So I started listening to podcasts on my Nokia 9500 Communicator. Six immediate observations:
- Forget everything I’ve ever said about the Internet becoming all-pervasive. Now it has happened. Audio is simply un-escapable. This is scary!
- Mobility is key. Browsing and downloading over WLAN, GPRS or 3G is a must and a blast!
- I love the way the Nokia 9500 Communicator automatically interrupts and pauses the mp3 file for an incoming phone call. Count me in!
- Too bad I couldn’t download more than a little over 2 hours of audio at a time, due to hard disk shortage.

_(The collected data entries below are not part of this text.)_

(* The number of IP-SEG graphs on the labeled vertex set $\{1,\dots,n\}$ is at most $2^{O(n\log n)}$; more precisely, each IP-SEG graph on $n$ vertices can be encoded by assigning $O(\log n)$ bits to each vertex such that adjacency of two vertices is determined by their two labels alone (an implicit representation).
   Context: Let $L_1$ and $L_2$ be two distinct parallel horizontal lines in the plane. A closed straight line segment is an interval segment if both of its endpoints lie on the same line $L_i$, and a permutation segment if one endpoint lies on $L_1$ and the other on $L_2$. An IP-SEG model is a finite family of interval and permutation segments; its intersection graph has one vertex per segment, two vertices being adjacent iff the corresponding segments have nonempty intersection. A graph is an IP-SEG graph if it is isomorphic to the intersection graph of some IP-SEG model. *)

theory Defs
  imports "HOL-Analysis.Analysis"
begin

type_synonym pt = "real \<times> real"

definition seg_set :: "pt \<times> pt \<Rightarrow> pt set" where
  "seg_set s = closed_segment (fst s) (snd s)"

definition is_interval_seg :: "real \<Rightarrow> real \<Rightarrow> pt \<times> pt \<Rightarrow> bool" where
  "is_interval_seg y1 y2 s \<longleftrightarrow> fst s \<noteq> snd s \<and>
     ((snd (fst s) = y1 \<and> snd (snd s) = y1) \<or> (snd (fst s) = y2 \<and> snd (snd s) = y2))"

definition is_perm_seg :: "real \<Rightarrow> real \<Rightarrow> pt \<times> pt \<Rightarrow> bool" where
  "is_perm_seg y1 y2 s \<longleftrightarrow>
     (snd (fst s) = y1 \<and> snd (snd s) = y2) \<or> (snd (fst s) = y2 \<and> snd (snd s) = y1)"

definition ipseg_model :: "real \<Rightarrow> real \<Rightarrow> 'i set \<Rightarrow> ('i \<Rightarrow> pt \<times> pt) \<Rightarrow> bool" where
  "ipseg_model y1 y2 I s \<longleftrightarrow> y1 \<noteq> y2 \<and> finite I \<and>
     (\<forall>i\<in>I. is_interval_seg y1 y2 (s i) \<or> is_perm_seg y1 y2 (s i))"

definition intersection_graph :: "'i set \<Rightarrow> ('i \<Rightarrow> pt \<times> pt) \<Rightarrow> ('i \<times> 'i) set" where
  "intersection_graph I s = {(u, v). u \<in> I \<and> v \<in> I \<and> u \<noteq> v \<and> seg_set (s u) \<inter> seg_set (s v) \<noteq> {}}"

definition ipseg_graph_on :: "nat \<Rightarrow> (nat \<times> nat) set \<Rightarrow> bool" where
  "ipseg_graph_on n E \<longleftrightarrow>
     (\<exists>(I :: nat set) y1 y2 s f. ipseg_model y1 y2 I s \<and> bij_betw f {1..n} I \<and>
        E = {(u, v). u \<in> {1..n} \<and> v \<in> {1..n} \<and> (f u, f v) \<in> intersection_graph I s})"

end

theory Submission
  imports Defs
begin

text \<open>Whether two segments of an IP-SEG model meet depends only on their types and on the
  relative order of the x-coordinates of their endpoints.  Replacing each x-coordinate by its
  rank among the at most \<open>2n\<close> endpoint coordinates therefore gives every vertex a descriptor
  of \<open>O(log n)\<close> bits (two for the kind, one rank per endpoint) from which adjacency can be
  decoded uniformly in \<open>n\<close>; counting the possible labellings bounds the number of IP-SEG
  graphs by \<open>2\<^bsup>O(n log n)\<^esup>\<close>.\<close>

section \<open>Segments between two horizontal lines\<close>

lemma mem_closed_segment_pair_iff:
  "((x::real), (y::real)) \<in> closed_segment (a, c) (b, d) \<longleftrightarrow>
     (\<exists>u. 0 \<le> u \<and> u \<le> 1 \<and> x = (1 - u) * a + u * b \<and> y = (1 - u) * c + u * d)"
  by (auto simp: closed_segment_def)

definition weakly_between :: "'a::linorder \<Rightarrow> 'a \<Rightarrow> 'a \<Rightarrow> bool" where
  "weakly_between p q x \<longleftrightarrow> min p q \<le> x \<and> x \<le> max p q"

definition intervals_overlap :: "'a::linorder \<Rightarrow> 'a \<Rightarrow> 'a \<Rightarrow> 'a \<Rightarrow> bool" where
  "intervals_overlap p q p' q' \<longleftrightarrow> max (min p q) (min p' q') \<le> min (max p q) (max p' q')"

lemma intervals_overlap_iff_common_point:
  "intervals_overlap p q p' q' \<longleftrightarrow> (\<exists>x. weakly_between p q x \<and> weakly_between p' q' x)"
  unfolding intervals_overlap_def weakly_between_def
  by (auto intro: exI[of _ "max (min p q) (min p' q')"])

lemma mem_horizontal_segment_iff:
  "((x::real), (y::real)) \<in> closed_segment (a, c) (b, c) \<longleftrightarrow> y = c \<and> weakly_between a b x"
proof -
  have "(x, y) \<in> closed_segment (a, c) (b, c) \<longleftrightarrow> y = c \<and> x \<in> closed_segment a b"
    by (auto simp: mem_closed_segment_pair_iff closed_segment_def algebra_simps)
  then show ?thesis by (auto simp: closed_segment_eq_real_ivl weakly_between_def)
qed

lemma convex_combination_eq_0_iff:
  "(\<exists>u. 0 \<le> u \<and> u \<le> 1 \<and> (1 - u) * \<alpha> + u * \<beta> = 0) \<longleftrightarrow>
     (\<alpha> \<le> 0 \<and> 0 \<le> \<beta>) \<or> (\<beta> \<le> 0 \<and> 0 \<le> (\<alpha>::real))"
proof
  assume "\<exists>u. 0 \<le> u \<and> u \<le> 1 \<and> (1 - u) * \<alpha> + u * \<beta> = 0"
  then obtain u where u: "0 \<le> u" "u \<le> 1" "(1 - u) * \<alpha> + u * \<beta> = 0" by blast
  show "(\<alpha> \<le> 0 \<and> 0 \<le> \<beta>) \<or> (\<beta> \<le> 0 \<and> 0 \<le> \<alpha>)"
  proof (cases "u = 1")
    case True
    with u show ?thesis by auto
  next
    case False
    with u have "(1 - u) * \<alpha> > 0 \<longleftrightarrow> \<alpha> > 0" "(1 - u) * \<alpha> < 0 \<longleftrightarrow> \<alpha> < 0"
      by (simp_all add: zero_less_mult_iff mult_less_0_iff)
    moreover have "u * \<beta> \<ge> 0 \<or> \<beta> \<le> 0" "u * \<beta> \<le> 0 \<or> \<beta> \<ge> 0"
      using u by (auto simp: zero_le_mult_iff mult_le_0_iff)
    ultimately show ?thesis using u(3) by linarith
  qed
next
  assume signs: "(\<alpha> \<le> 0 \<and> 0 \<le> \<beta>) \<or> (\<beta> \<le> 0 \<and> 0 \<le> \<alpha>)"
  show "\<exists>u. 0 \<le> u \<and> u \<le> 1 \<and> (1 - u) * \<alpha> + u * \<beta> = 0"
  proof (cases "\<alpha> = \<beta>")
    case True
    with signs show ?thesis by (intro exI[of _ 0]) auto
  next
    case False
    then have "(1 - \<alpha> / (\<alpha> - \<beta>)) * \<alpha> + \<alpha> / (\<alpha> - \<beta>) * \<beta> = 0"
      by (simp add: field_simps)
    moreover have "0 \<le> \<alpha> / (\<alpha> - \<beta>)" "\<alpha> / (\<alpha> - \<beta>) \<le> 1"
      using signs False by (auto simp: divide_simps)
    ultimately show ?thesis by blast
  qed
qed

lemma mem_cross_segment_on_first_line_iff:
  assumes "(y1::real) \<noteq> y2"
  shows "((x::real), y1) \<in> closed_segment (a, y1) (b, y2) \<longleftrightarrow> x = a"
proof
  assume "(x, y1) \<in> closed_segment (a, y1) (b, y2)"
  then obtain u where u: "0 \<le> u" "x = (1 - u) * a + u * b" "u * (y2 - y1) = 0"
    unfolding mem_closed_segment_pair_iff by (auto simp: algebra_simps)
  with assms show "x = a" by simp
qed auto

lemma mem_cross_segment_on_second_line_iff:
  assumes "(y1::real) \<noteq> y2"
  shows "((x::real), y2) \<in> closed_segment (a, y1) (b, y2) \<longleftrightarrow> x = b"
  using mem_cross_segment_on_first_line_iff[of y2 y1 x b a] assms
  by (simp add: closed_segment_commute)

lemma cross_segments_meet_iff:
  assumes "(y1::real) \<noteq> y2"
  shows "closed_segment (a, y1) (b, y2) \<inter> closed_segment (a', y1) (b', y2) \<noteq> {} \<longleftrightarrow>
     (a \<le> a' \<and> b' \<le> b) \<or> (a' \<le> a \<and> b \<le> (b'::real))"
proof -
  have "closed_segment (a, y1) (b, y2) \<inter> closed_segment (a', y1) (b', y2) \<noteq> {} \<longleftrightarrow>
      (\<exists>u. 0 \<le> u \<and> u \<le> 1 \<and> (1 - u) * (a - a') + u * (b - b') = 0)"
  proof
    assume "closed_segment (a, y1) (b, y2) \<inter> closed_segment (a', y1) (b', y2) \<noteq> {}"
    then obtain u v where uv: "0 \<le> u" "u \<le> 1"
      "(1 - u) * a + u * b = (1 - v) * a' + v * b'" "(1 - u) * y1 + u * y2 = (1 - v) * y1 + v * y2"
      by (auto simp: mem_closed_segment_pair_iff)
    from uv(4) have "(u - v) * (y2 - y1) = 0" by (simp add: algebra_simps)
    with assms have "u = v" by simp
    with uv show "\<exists>u. 0 \<le> u \<and> u \<le> 1 \<and> (1 - u) * (a - a') + u * (b - b') = 0"
      by (auto simp: algebra_simps)
  next
    assume "\<exists>u. 0 \<le> u \<and> u \<le> 1 \<and> (1 - u) * (a - a') + u * (b - b') = 0"
    then obtain u where u: "0 \<le> u" "u \<le> 1" "(1 - u) * a + u * b = (1 - u) * a' + u * b'"
      by (auto simp: algebra_simps)
    then have "((1 - u) * a + u * b, (1 - u) * y1 + u * y2) \<in>
        closed_segment (a, y1) (b, y2) \<inter> closed_segment (a', y1) (b', y2)"
      by (auto simp: mem_closed_segment_pair_iff)
    then show "closed_segment (a, y1) (b, y2) \<inter> closed_segment (a', y1) (b', y2) \<noteq> {}" by blast
  qed
  also have "\<dots> \<longleftrightarrow> (a \<le> a' \<and> b' \<le> b) \<or> (a' \<le> a \<and> b \<le> b')"
    by (auto simp: convex_combination_eq_0_iff)
  finally show ?thesis .
qed

section \<open>Segment descriptors\<close>

datatype seg_kind = Interval1 | Interval2 | Perm

text \<open>A descriptor \<open>(k, p, q)\<close> records the kind of a segment and the x-coordinates of its
  endpoints; for a permutation segment \<open>p\<close> is the endpoint on \<open>L\<^sub>1\<close> and \<open>q\<close> the one on \<open>L\<^sub>2\<close>.\<close>

type_synonym 'a descr = "seg_kind \<times> 'a \<times> 'a"

fun realise_descr :: "real \<Rightarrow> real \<Rightarrow> real descr \<Rightarrow> pt set" where
  "realise_descr y1 y2 (Interval1, p, q) = closed_segment (p, y1) (q, y1)"
| "realise_descr y1 y2 (Interval2, p, q) = closed_segment (p, y2) (q, y2)"
| "realise_descr y1 y2 (Perm, p, q) = closed_segment (p, y1) (q, y2)"

definition descr_of :: "real \<Rightarrow> real \<Rightarrow> pt \<times> pt \<Rightarrow> real descr" where
  "descr_of y1 y2 s =
     (let ((a, ya), (b, yb)) = s in
      if ya = y1 \<and> yb = y1 then (Interval1, a, b)
      else if ya = y2 \<and> yb = y2 then (Interval2, a, b)
      else if ya = y1 then (Perm, a, b) else (Perm, b, a))"

lemma descr_of_seg:
  assumes "y1 \<noteq> y2" "is_interval_seg y1 y2 s \<or> is_perm_seg y1 y2 s"
  shows "seg_set s = realise_descr y1 y2 (descr_of y1 y2 s)"
    and "fst (snd (descr_of y1 y2 s)) \<in> {fst (fst s), fst (snd s)}"
    and "snd (snd (descr_of y1 y2 s)) \<in> {fst (fst s), fst (snd s)}"
proof -
  obtain a ya b yb where s: "s = ((a, ya), (b, yb))" by (metis prod.collapse)
  show "seg_set s = realise_descr y1 y2 (descr_of y1 y2 s)"
    and "fst (snd (descr_of y1 y2 s)) \<in> {fst (fst s), fst (snd s)}"
    and "snd (snd (descr_of y1 y2 s)) \<in> {fst (fst s), fst (snd s)}"
    using assms
    by (auto simp: s descr_of_def seg_set_def is_interval_seg_def is_perm_seg_def
        closed_segment_commute)
qed

fun descrs_meet :: "'a::linorder descr \<Rightarrow> 'a descr \<Rightarrow> bool" where
  "descrs_meet (Interval1, p, q) (Interval1, p', q') = intervals_overlap p q p' q'"
| "descrs_meet (Interval2, p, q) (Interval2, p', q') = intervals_overlap p q p' q'"
| "descrs_meet (Perm, p, q) (Perm, p', q') = ((p \<le> p' \<and> q' \<le> q) \<or> (p' \<le> p \<and> q \<le> q'))"
| "descrs_meet (Interval1, p, q) (Perm, p', q') = weakly_between p q p'"
| "descrs_meet (Perm, p, q) (Interval1, p', q') = weakly_between p' q' p"
| "descrs_meet (Interval2, p, q) (Perm, p', q') = weakly_between p q q'"
| "descrs_meet (Perm, p, q) (Interval2, p', q') = weakly_between p' q' q"
| "descrs_meet (Interval1, _) (Interval2, _) = False"
| "descrs_meet (Interval2, _) (Interval1, _) = False"

lemma realise_descr_inter_nonempty_iff:
  assumes "y1 \<noteq> y2"
  shows "realise_descr y1 y2 d \<inter> realise_descr y1 y2 d' \<noteq> {} \<longleftrightarrow> descrs_meet d d'"
proof -
  have ne: "A \<inter> B \<noteq> {} \<longleftrightarrow> (\<exists>x y. (x, y) \<in> A \<and> (x, y) \<in> B)" for A B :: "pt set"
    by auto
  obtain k p q k' p' q' where d: "d = (k, p, q)" "d' = (k', p', q')"
    by (metis prod.collapse)
  show ?thesis
    unfolding d using assms
    by (cases k; cases k'; simp add: cross_segments_meet_iff;
        auto simp: ne mem_horizontal_segment_iff mem_cross_segment_on_first_line_iff
          mem_cross_segment_on_second_line_iff intervals_overlap_iff_common_point)
qed

definition map_descr :: "('a \<Rightarrow> 'b) \<Rightarrow> 'a descr \<Rightarrow> 'b descr" where
  "map_descr g = apsnd (map_prod g g)"

lemma descrs_meet_map_descr:
  assumes "\<And>x y. x \<in> X \<Longrightarrow> y \<in> X \<Longrightarrow> g x \<le> g y \<longleftrightarrow> x \<le> y"
    and "fst (snd d) \<in> X \<and> snd (snd d) \<in> X" "fst (snd d') \<in> X \<and> snd (snd d') \<in> X"
  shows "descrs_meet (map_descr g d) (map_descr g d') = descrs_meet d d'"
proof -
  obtain k p q k' p' q' where "d = (k, p, q)" "d' = (k', p', q')"
    by (metis prod.collapse)
  with assms show ?thesis
    by (cases k; cases k')
      (auto simp: map_descr_def intervals_overlap_def weakly_between_def min_def max_def)
qed

section \<open>From models to descriptors with small integer coordinates\<close>

lemma ipseg_graph_on_edges_subset:
  assumes "ipseg_graph_on n E"
  shows "E \<subseteq> {(u, v). u \<in> {1..n} \<and> v \<in> {1..n} \<and> u \<noteq> v}"
  using assms unfolding ipseg_graph_on_def intersection_graph_def by auto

- Stephen Johnston sees podcasting as the audio version of blogging. I’m not decided. Blogging’s killer feature is its ease of publishing. Podcasting requires more professional production methods. Podcasts seem perhaps more suitable as time-shifted radio than as personal online journal entries. They seem a better fit to the MSM paradigm than to grassroots journalism. Perhaps that’s just because the most interesting podcasts I’ve recently heard are radio-type interviews, documentaries and, admittedly, conference presentations. Well, let’s see what will happen.
- Mobility aside, the two main challenges to podcasting are scanability and searchability. We may be able to link to fragments of sound files, but still: we cannot see sound.